Ideally the pivot should partition the input into two parts of roughly the same size.

Median-of-three technique

Choose median of first, middle, and last element as pivot.

For every simple deterministic method of choosing pivot, we can construct corresponding "bad input".

For now just use the last item as the pivot.

The Partition Procedure

Allocate array $B$ of size $n$
Sequentially go through A[1...(n-1)], put small items at the left side of $B$ , and large items at the right side of $B$ .
Finally put the pivot in the (only) remaining position

The time complexity is $\Theta(n)$ and space complexity is $\Theta(n)$ . And it's unstable.

Partition(A):
x := A[n]
l := 1
r := n
for i := 1 to n - 1
    if A[i] <= x
        B[l] := A[i]
        l := l + 1
    else
        B[r] := A[i]
        r := r - 1
B[l] := x
return <B, l>

In-place Partition Procedure

Basic idea

Sequentially go through $A$ , use swap operations to move small items to the left part of $A$ ; thus the right part of $A$ naturally contains large items.

InplacePartition(A, p, r):
i := p - 1
for j := p to r - 1
    if A[j] <= A[r]
        i := i + 1
        Swap(A[i], A[j])
Swap(A[i + 1], A[r])
return i + 1

Here's part of in-place partition procedure:

Analysis of In-place Partition Procedure:

Performance of InplacePartition:

$\Theta(|r - p|)$ time (i.e. linear time)
$O(1)$ space
unstable

Performance

Worst-case

Cost at each level is $c_0 (n-m)$ , where $m$ is number of pivots removed in lower level Partition.

If the partition is balanced, then there will be few levels, and $m$ will increase rapidly.

Recurrence for the worst-case runtime of QuickSort:

$T(n) = \max_{0 \le q \le n-1} (T(q) + T(n-q-1)) + c_0 n$

Guess $T(n) \le c n^2$ and we now verify:

$\begin{aligned} T(N) &\le \max_{0 \le q \le n-1} (c q^2 + c (n-q-1)^2) + c_0 n\\ &= c \max_{0 \le q \le n-1} (q^2 + (n-q-1)^2) + c_0 n\\ &\le c(n-1)^2 + c_0n\\ &= cn^2 - c(2n-1) + c_0n\\ &\le cn^2 \end{aligned}$

Thus $T(n) = O(n^2)$ .

Best-case

Balanced partition gives best case performance. $T(N) \le 2T(\frac{n}{2}) + \Theta(n)$ implies $T(n) = O(n\log n)$ .

Partition does not need to be perfectly balanced, we only need each split to be constant proportionality. $T(n) \le T(dn) + T((1-d)n) + \Theta(n)$ where $d = \Theta(1)$ . It's still $O(n\log n)$ .

Average-case

Average-case analysis: the expected time of algorithm over all inputs of size $n$ : $A(n) = \sum\limits_{x \in \mathscr{X}_n} T(x) \cdot \Pr(x)$ .
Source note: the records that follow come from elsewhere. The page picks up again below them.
(* Suppose the Markov chain $\Xi$ on $\mathbb X\subseteq\mathbb R_+$ satisfies $(\mathrm T_{\alpha,\beta,c})$. Then for every $\nu$ with $\alpha-\beta<\nu<\alpha$, as $x\to\infty$, $$D_0(x)=\nu x^{\nu-1}\mathbb E_x[\theta]+c\nu x^{\nu-\alpha}\kappa_0(\nu)+o(x^{\nu-\alpha}),\qquad \kappa_0(\nu):=(1-\nu)\frac{\Gamma(\alpha-\nu)\Gamma(1-\alpha)}{\Gamma(2-\nu)}.$$
   Context: $\theta:=\xi_1-\xi_0$; $\mathbb P_x,\mathbb E_x$ refer to the chain started at $x$; $y_+:=y\mathbf 1\{y\ge0\}$, $y_-:=-y\mathbf 1\{y<0\}$. $f_0^\nu(x)=x^\nu$ for $x\ge1$, $=1$ for $0\le x<1$; $D_0(x):=\mathbb E[f_0^\nu(\xi_{n+1})-f_0^\nu(\xi_n)\mid\xi_n=x]$. $(\mathrm T_{\alpha,\beta,c})$: there exist $\alpha\in(1,2)$, $\beta>\alpha$, $c>0$, $x_0\in\mathbb R_+$ with $\lim_{y\to\infty}\sup_{x\ge x_0}|y^\alpha\mathbb P_x[\theta_+>y]-c|=0$ and $\sup_{x\ge x_0}\mathbb E_x[\theta_-^\beta]<\infty$. $\Gamma$ is the gamma function. *)

theory Defs
  imports "HOL-Probability.Probability" "HOL-Library.Landau_Symbols"
begin

text \<open>One-step transition kernel K of the time-homogeneous Markov chain on
  the state space X: K x is the law of xi_1 under P_x. theta = xi_1 - xi_0,
  so under P_x, theta = z - x with z distributed as K x.\<close>

definition f0 :: "real \<Rightarrow> real \<Rightarrow> real" where
  "f0 \<nu> x = (if x \<ge> 1 then x powr \<nu> else 1)"

definition D0 :: "(real \<Rightarrow> real measure) \<Rightarrow> real \<Rightarrow> real \<Rightarrow> real" where
  "D0 K \<nu> x = (\<integral>z. f0 \<nu> z \<partial>K x) - f0 \<nu> x"

definition mean_incr :: "(real \<Rightarrow> real measure) \<Rightarrow> real \<Rightarrow> real" where
  "mean_incr K x = (\<integral>z. (z - x) \<partial>K x)"

definition kappa0 :: "real \<Rightarrow> real \<Rightarrow> real" where
  "kappa0 \<alpha> \<nu> = (1 - \<nu>) * Gamma (\<alpha> - \<nu>) * Gamma (1 - \<alpha>) / Gamma (2 - \<nu>)"

text \<open>The uniform limit lim_{y\<rightarrow>\<infinity>} sup_{x\<ge>x0} |y^alpha P_x[theta_+ > y] - c| = 0
  is written out via epsilon; sup_{x\<ge>x0} E_x[theta_-^beta] < \<infinity> via an
  extended-nonnegative supremum.\<close>

definition cond_T :: "real set \<Rightarrow> (real \<Rightarrow> real measure) \<Rightarrow> real \<Rightarrow> real \<Rightarrow> real \<Rightarrow> real \<Rightarrow> bool" where
  "cond_T X K \<alpha> \<beta> c x0 \<longleftrightarrow>
     1 < \<alpha> \<and> \<alpha> < 2 \<and> \<beta> > \<alpha> \<and> c > 0 \<and> x0 \<ge> 0 \<and>
     (\<forall>\<epsilon>>0. \<exists>Y. \<forall>y\<ge>Y. \<forall>x\<in>X. x \<ge> x0 \<longrightarrow>
        \<bar>y powr \<alpha> * measure (K x) {z. max (z - x) 0 > y} - c\<bar> \<le> \<epsilon>) \<and>
     (SUP x\<in>{x\<in>X. x \<ge> x0}. \<integral>\<^sup>+ z. ennreal ((max (x - z) 0) powr \<beta>) \<partial>K x) < \<infinity>"

end

theory Submission
  imports Defs
begin

text \<open>
  For a jump \<open>\<theta> = z - x\<close> from \<open>x \<ge> 2\<close>,
  \<open>f0 z - f0 x - \<nu> x powr (\<nu> - 1) \<theta> = G (max \<theta> 0) + H z\<close>, where
  \<open>G t = (x + t) powr \<nu> - x powr \<nu> - \<nu> x powr (\<nu> - 1) t\<close> is the first-order Taylor
  remainder and \<open>H z = 0\<close> unless \<open>z < x\<close>.

  \<open>G\<close> and \<open>G'\<close> have the constant sign of \<open>\<nu> (\<nu> - 1)\<close>, so by the layer-cake formula
  \<open>E |G (max \<theta> 0)| = \<integral>\<^sub>0\<^sup>\<infinity> |G' y| P[\<theta> > y] dy\<close>. Above a level \<open>Y\<close> the tail is
  \<open>c y powr (-\<alpha>)\<close> up to a relative error \<open>\<epsilon>\<close>; below \<open>Y\<close> the bound
  \<open>|G' y| = O(x powr (\<nu> - 2) y)\<close> makes the contribution \<open>O(x powr (\<nu> - 2))\<close>. By Tonelli
  and the substitution \<open>w = x s / (1 - s)\<close>,
  \<open>\<integral>\<^sub>0\<^sup>\<infinity> |G' y| y powr (-\<alpha>) dy = |\<nu> (\<nu> - 1)| / (\<alpha> - 1) B(2 - \<alpha>, \<alpha> - \<nu>) x powr (\<nu> - \<alpha>)\<close>,
  which with the sign restored is \<open>\<nu> \<kappa>\<^sub>0(\<nu>) x powr (\<nu> - \<alpha>)\<close>.

  For downward jumps, the second-order Taylor bound when \<open>z \<ge> x/2\<close> and crude bounds otherwise
  give \<open>|H z| \<le> C x powr p (1 + (x - z) powr \<beta>)\<close> with \<open>p = max (\<nu> - min \<beta> 2) (-\<beta>)\<close>,
  and \<open>p < \<nu> - \<alpha>\<close> because \<open>\<nu> > \<alpha> - \<beta>\<close>; the uniform bound on the \<open>\<beta>\<close>-th moment of the
  downward jump then makes their contribution \<open>o(x powr (\<nu> - \<alpha>))\<close>.
\<close>

section \<open>Taylor remainder of the power function\<close>

definition powr_taylor_rem :: "real \<Rightarrow> real \<Rightarrow> real \<Rightarrow> real" where
  "powr_taylor_rem \<nu> x t = (x + t) powr \<nu> - x powr \<nu> - \<nu> * x powr (\<nu> - 1) * t"

definition powr_taylor_rem_deriv :: "real \<Rightarrow> real \<Rightarrow> real \<Rightarrow> real" where
  "powr_taylor_rem_deriv \<nu> x y = \<nu> * ((x + y) powr (\<nu> - 1) - x powr (\<nu> - 1))"

text \<open>The sign of the Taylor remainder and of its derivative. At \<open>\<nu> \<in> {0, 1}\<close>, where both
  vanish, the value \<open>1\<close> is chosen so that \<open>curv_sign \<nu>\<close> stays invertible.\<close>
definition curv_sign :: "real \<Rightarrow> real" where
  "curv_sign \<nu> = (if \<nu> * (\<nu> - 1) \<ge> 0 then 1 else -1)"

lemma curv_sign_mult_self [simp]: "curv_sign \<nu> * curv_sign \<nu> = 1"
  and abs_curv_sign [simp]: "\<bar>curv_sign \<nu>\<bar> = 1"
  and curv_sign_mult: "curv_sign \<nu> * \<nu> * (\<nu> - 1) = \<bar>\<nu>\<bar> * \<bar>\<nu> - 1\<bar>"
  by (auto simp: curv_sign_def abs_mult[symmetric])

lemma powr_diff_le_mean_value:
  fixes a b p :: real
  assumes "0 < a" "a \<le> b" "p \<le> 1"
  shows "\<bar>b powr p - a powr p\<bar> \<le> \<bar>p\<bar> * a powr (p - 1) * (b - a)"
proof (cases "a = b")
  case False
  then have ab: "a < b" using assms by simp
  have "\<And>w. a \<le> w \<Longrightarrow> w \<le> b \<Longrightarrow> ((\<lambda>w. w powr p) has_real_derivative p * w powr (p - 1)) (at w)"
    using assms by (auto intro!: derivative_eq_intros)
  from MVT2[OF ab this] obtain z where z: "a < z" "z < b"
    and eq: "b powr p - a powr p = (b - a) * (p * z powr (p - 1))" by blast
  have "z powr (p - 1) \<le> a powr (p - 1)" using z assms by (intro powr_mono2') auto
  then have "(b - a) * (\<bar>p\<bar> * z powr (p - 1)) \<le> (b - a) * (\<bar>p\<bar> * a powr (p - 1))"
    using ab by (intro mult_left_mono) auto
  then show ?thesis using eq z ab by (simp add: abs_mult mult_ac)
qed simp

lemma powr_taylor_rem_zero [simp]: "powr_taylor_rem \<nu> x 0 = 0"
  by (simp add: powr_taylor_rem_def)

lemma powr_taylor_rem_has_derivative:
  assumes "x > 0" "y > -x"
  shows "(powr_taylor_rem \<nu> x has_real_derivative powr_taylor_rem_deriv \<nu> x y) (at y)"
  unfolding powr_taylor_rem_def powr_taylor_rem_deriv_def using assms
  by (auto intro!: derivative_eq_intros simp: algebra_simps)

lemma powr_taylor_rem_deriv_has_integral:
  assumes x: "x > 0" and y: "y \<ge> 0"
  shows "((\<lambda>w. \<nu> * (\<nu> - 1) * (x + w) powr (\<nu> - 2)) has_integral powr_taylor_rem_deriv \<nu> x y) {0..y}"
proof -
  have "((\<lambda>w. \<nu> * (x + w) powr (\<nu> - 1)) has_vector_derivative \<nu> * (\<nu> - 1) * (x + w) powr (\<nu> - 2))
          (at w within {0..y})" if "w \<in> {0..y}" for w
  proof -
    have "(x + w) powr (\<nu> - 1) / (x + w) = (x + w) powr (\<nu> - 2)"
      using that x powr_diff[of "x + w" "\<nu> - 1" 1] by simp
    then have "((\<lambda>w. \<nu> * (x + w) powr (\<nu> - 1)) has_real_derivative \<nu> * (\<nu> - 1) * (x + w) powr (\<nu> - 2)) (at w)"
      using that x by (auto intro!: derivative_eq_intros simp: field_simps)
    then show ?thesis
      by (simp add: has_real_derivative_iff_has_vector_derivative[symmetric] has_field_derivative_at_within)
  qed
  from fundamental_theorem_of_calculus[OF y this] show ?thesis
    by (simp add: powr_taylor_rem_deriv_def right_diff_distrib)
qed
For QuickSort, particular values in the array are not important, instead, the relative ordering of the values is what matters (since QuickSort is comparison-based).

Therefore, it is important to focus on the permutation of input numbers. A readable assumption is that all permutations of the input numbers are equally likely.
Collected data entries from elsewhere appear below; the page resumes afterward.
definition partition_rate :: "(nat \<Rightarrow> nat set) \<Rightarrow> nat \<Rightarrow> real" where
  "partition_rate A n = 1 / (real (partition_index A n) + 1)"

lemma mem_partition_index: "A \<in> PI I \<Longrightarrow> n \<in> A (partition_index A n)"
  unfolding partition_index_def PI_def by (rule someI_ex) blast

lemma partition_rate_pos: "partition_rate A n > 0"
  unfolding partition_rate_def by simp

lemma partition_rate_I_conv0:
  assumes I: "is_ideal I" and A: "A \<in> PI I"
  shows "I_conv0 I (partition_rate A)"
  unfolding I_conv0_def
proof (intro allI impI)
  fix d :: real
  assume d: "d > 0"
  have "{n. \<bar>partition_rate A n\<bar> \<ge> d} \<subseteq> (\<Union>m\<le>nat \<lceil>1 / d\<rceil>. A m)"
  proof
    fix n
    assume "n \<in> {n. \<bar>partition_rate A n\<bar> \<ge> d}"
    then have "real (partition_index A n) + 1 \<le> 1 / d"
      using d unfolding partition_rate_def by (simp add: field_simps)
    then have "partition_index A n \<le> nat \<lceil>1 / d\<rceil>" by linarith
    then show "n \<in> (\<Union>m\<le>nat \<lceil>1 / d\<rceil>. A m)" using mem_partition_index[OF A] by blast
  qed
  moreover have "(\<Union>m\<le>nat \<lceil>1 / d\<rceil>. A m) \<in> I"
    using A by (intro is_ideal_UN_finite[OF I]) (auto simp: PI_def hatP_def)
  ultimately show "{n. \<bar>partition_rate A n\<bar> \<ge> d} \<in> I" using is_ideal_subset[OF I] by blast
qed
To make the analysis simple, we also assume that the elements are distinct (duplicate values will be discussed later).

Randomized QuickSort

RandQuickSort(A, p, r):
if p < r
    i := Random(p, r)
    Swap(A[r], A[i])
    q := InplacePartition(A, p, r)
    RandQuickSort(A, p, q - 1)
    RandQuickSort(A, q + 1, r)

Cost of a call to RandQuickSort:

Choose a pivot in $\Theta(1)$ time;
Run InplacePartition, whose cost is $O(\text{number of comparisons})$ ;
Need to call RandQuickSort twice, the calling process (not the subroutines themselves) needs $\Theta(1)$ time.

Total cost of RandQuickSort:

Time for choosing pivots is $O(n)$ , since each node can be pivot at most once.
All calls to InplacePartition cost $O(\text{total number of comparisons})$ .
Total time for calling RandQuickSort is $O(2n)$ , since each time a pivot is chosen, two recursive calls are made.
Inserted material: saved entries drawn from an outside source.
lemma h_free_word_cases:
  assumes "\<forall>g\<in>set w. \<not> is_Gh g"
  obtains A B where "w = ef_word A B"
  | P j i r where "w = P @ [Gf j, Ge i] @ r"
  using assms
proof (induction w arbitrary: thesis)
  case Nil
  then show ?case
    by (metis append_Nil list.map(1))
next
  case (Cons g w)
  show ?case
  proof (rule Cons.IH)
    fix P j i r assume "w = P @ [Gf j, Ge i] @ r"
    then show thesis
      using Cons.prems(2)[of "g # P"] by simp
  next
    fix A B assume w: "w = ef_word A B"
    show thesis
    proof (cases g)
      case (Ge i)
      then show thesis
        using Cons.prems(1)[of "i # A" B] w by simp
    next
      case (Gf j)
      show thesis
      proof (cases A)
        case Nil
        then show thesis
          using Cons.prems(1)[of "[]" "j # B"] w Gf by simp
      next
        case (Cons i A')
        then show thesis
          using Cons.prems(2)[of "[]" j i "ef_word A' B"] w Gf by simp
      qed
    qed (use Cons.prems(3) in simp)
  qed (use Cons.prems(3) in simp)
qed

lemma single_Gh_as_Ge_Gf:
  assumes "a \<le> - index_norm r"
  shows "single (P @ [Gh c] @ r) - single (P @ [Ge a, Gf (c - a)] @ r) \<in> cspan R0gens"
proof -
  have low: "single ((P @ [Gf (c - a)]) @ [Ge a] @ r) \<in> cspan R0gens"
    using single_low_mode[of "Ge a" r "P @ [Gf (c - a)]"] assms by simp
  have swap: "single (P @ [Ge a, Gf (c - a)] @ r) - single (P @ [Gf (c - a), Ge a] @ r)
      - single (P @ [Gh c] @ r) \<in> cspan R0gens"
    using single_swap[of P "Ge a" "Gf (c - a)" r] by (simp add: bracket_coeff_def)
  show ?thesis
    using cspan_diff[OF cspan_uminus[OF swap] low] by (simp add: algebra_simps)
qed

lemma deg2_append: "deg2 (u @ w) = (fst (deg2 u) + fst (deg2 w), snd (deg2 u) + snd (deg2 w))"
  by (simp add: deg2_def)

lemma deg2_ef: "deg2 (ef_word A B) = (length A, length B)"
  by (simp add: deg2_def filter_map comp_def)

text \<open>Reorder \<open>f_j e_i = e_i f_j - h_(i+j)\<close> and trade \<open>h_(i+j)\<close> for \<open>e_a f_(i+j-a)\<close> with \<open>a\<close> so
  low that \<open>f_(i+j-a) e_a\<close> kills the rest; both new words have fewer inversions.\<close>

lemma single_h_free_in_span:
  "\<forall>g\<in>set w. \<not> is_Gh g \<Longrightarrow> deg2 w = (m, n) \<Longrightarrow> single w \<in> cspan (Wrels \<union> Vset m n)"
proof (induction "fe_inversions w" arbitrary: w rule: less_induct)
  case less
  from less.prems(1) show ?case
  proof (cases rule: h_free_word_cases)
    case (1 A B)
    then show ?thesis
      using single_ef_in_span less.prems(2) deg2_ef by simp
  next
    case (2 P j i r)
    define a where "a = - index_norm r"
    define w1 w2 h where "w1 = P @ [Ge i, Gf j] @ r" and "w2 = P @ [Ge a, Gf (j + i - a)] @ r"
      and "h = single (P @ [Gh (j + i)] @ r)"
    have "fe_inversions w1 < fe_inversions w" "fe_inversions w2 < fe_inversions w"
      "\<forall>g\<in>set w1. \<not> is_Gh g" "\<forall>g\<in>set w2. \<not> is_Gh g"
      "deg2 w1 = (m, n)" "deg2 w2 = (m, n)"
      using less.prems unfolding 2 w1_def w2_def
      by (simp_all add: fe_inversions_append deg2_append) (simp_all add: deg2_def)
    then have w1: "single w1 \<in> cspan (Wrels \<union> Vset m n)"
      and w2: "single w2 \<in> cspan (Wrels \<union> Vset m n)"
      using less.hyps by blast+
    have "single w - single w1 - - h \<in> cspan R0gens"
      using single_swap[of P "Gf j" "Ge i" r] unfolding 2 w1_def h_def by (simp add: bracket_coeff_def)
    moreover have "h - single w2 \<in> cspan R0gens"
      using single_Gh_as_Ge_Gf[of a r P "j + i"] unfolding a_def w2_def h_def by simp
    ultimately have "(single w - single w1 - - h) - (h - single w2) + single w1 - single w2
        \<in> cspan (Wrels \<union> Vset m n)"
      using cspan_R0gens_subset w1 w2 by (meson cspan_add cspan_diff subsetD)
    then show ?thesis
      by (simp add: algebra_simps)
  qed
qed

lemma single_in_span: "deg2 w = (m, n) \<Longrightarrow> single w \<in> cspan (Wrels \<union> Vset m n)"
proof (induction "length (filter is_Gh w)" arbitrary: w rule: less_induct)
  case less
  show ?case
  proof (cases "\<exists>g\<in>set w. is_Gh g")
    case False
    then show ?thesis
      using single_h_free_in_span less.prems by blast
  next
    case True
    then obtain P c r where w: "w = P @ Gh c # r"
      by (metis is_Gh.elims(2) split_list)
    define w' where "w' = P @ [Ge (- index_norm r), Gf (c + index_norm r)] @ r"
    have "length (filter is_Gh w') < length (filter is_Gh w)" "deg2 w' = (m, n)"
      using less.prems unfolding w w'_def
      by (simp_all add: deg2_append) (simp_all add: deg2_def)
    then have "single w' \<in> cspan (Wrels \<union> Vset m n)"
      by (rule less.hyps)
    then show ?thesis
      using single_Gh_as_Ge_Gf[of "- index_norm r" r P c] cspan_of_diff_R0gens
      unfolding w w'_def by simp
  qed
qed

lemma eq_sum_single:
  assumes "finite {w. x w \<noteq> 0}"
  shows "x = (\<Sum>w | x w \<noteq> 0. scale (x w) (single w))"
proof
  fix u
  have "(\<Sum>w | x w \<noteq> 0. scale (x w) (single w)) u = (\<Sum>w | x w \<noteq> 0. if u = w then x w else 0)"
    by (auto simp: sum_fun_apply scale_def single_def intro!: sum.cong)
  also have "\<dots> = x u"
    using assms by (simp add: sum.delta)
  finally show "x u = (\<Sum>w | x w \<noteq> 0. scale (x w) (single w)) u"
    by simp
qed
Cost of RandQuickSort is $O(n + X)$ where $X$ is a random variable denoting the number of comparisons happened in InplacePartition throughout entire execution.

Each of pair of items is compared at most once. Cos items only compare with pivots and each items can be the pivot at most once.

For ease of analysis, we let index the elements of the array A by their position in the sorted output, rather than their position in the input. For all elements, we refer them to be $z_1 < z_2 < \dots < z_n$ .

Let $X_{ij}$ be the indicator random variable that is $1$ if $z_i$ and $z_j$ are compared in InplacePartition, and $0$ otherwise. Then we have

$\begin{aligned} \mathbb{E}[X] &= \mathbb{E}\left[ \sum_{i=1}^{n-1}\sum_{j=i+1}^{n}X_{ij} \right]\\ &= \sum_{i=1}^{n-1}\sum_{j=i+1}^{n}\mathbb{E}[X_{ij}]\\ &= \sum_{i=1}^{n-1}\sum_{j=i+1}^{n}\Pr(X_{ij} = 1) \end{aligned}$

Let $Z_{ij} = \left\lbrace z \mid z \in A, z_i \le z \le z_{j} \right\rbrace$ where $i \le j$ , and $\hat{z}_{ij}$ be the first item in $Z_{ij}$ that is chosen as a pivot.

Then $z_i$ and $z_{j}$ are compared if and only if $\hat{z}_{ij} = z_i$ or $\hat{z}_{ij} = z_j$ . Cos items from $Z_{ij}$ stay in the same split until the pivot is chosen from $Z_{ij}$ .

Therefore

$\begin{aligned} \Pr(X_{ij} = 1) &= \Pr(\hat{z}_{ij} = z_i) + \Pr(\hat{z}_{ij} = z_j)\\ &= \dfrac{2}{j - i + 1} \end{aligned}$

Substitute this back to the expectation formula, we get

$\begin{aligned} \mathbb{E}[X] &= \sum_{i=1}^{n-1}\sum_{j=i+1}^{n}\dfrac{2}{j - i + 1}\\ &= \sum_{i=1}^{n-1}\sum_{k=1}^{n-i}\dfrac{2}{k + 1}\\ &< \sum_{i=1}^{n-1}\sum_{k=1}^n \dfrac{2}{k}\\ &< 2n H_n\\ &< 2n(\ln n + 1)\\ &= O(n\log n) \end{aligned}$

Combined the fact that in the best case, randomized quick sort is $\Theta(n\log(n))$ , the expected running time is $\Theta(n\log(n))$ .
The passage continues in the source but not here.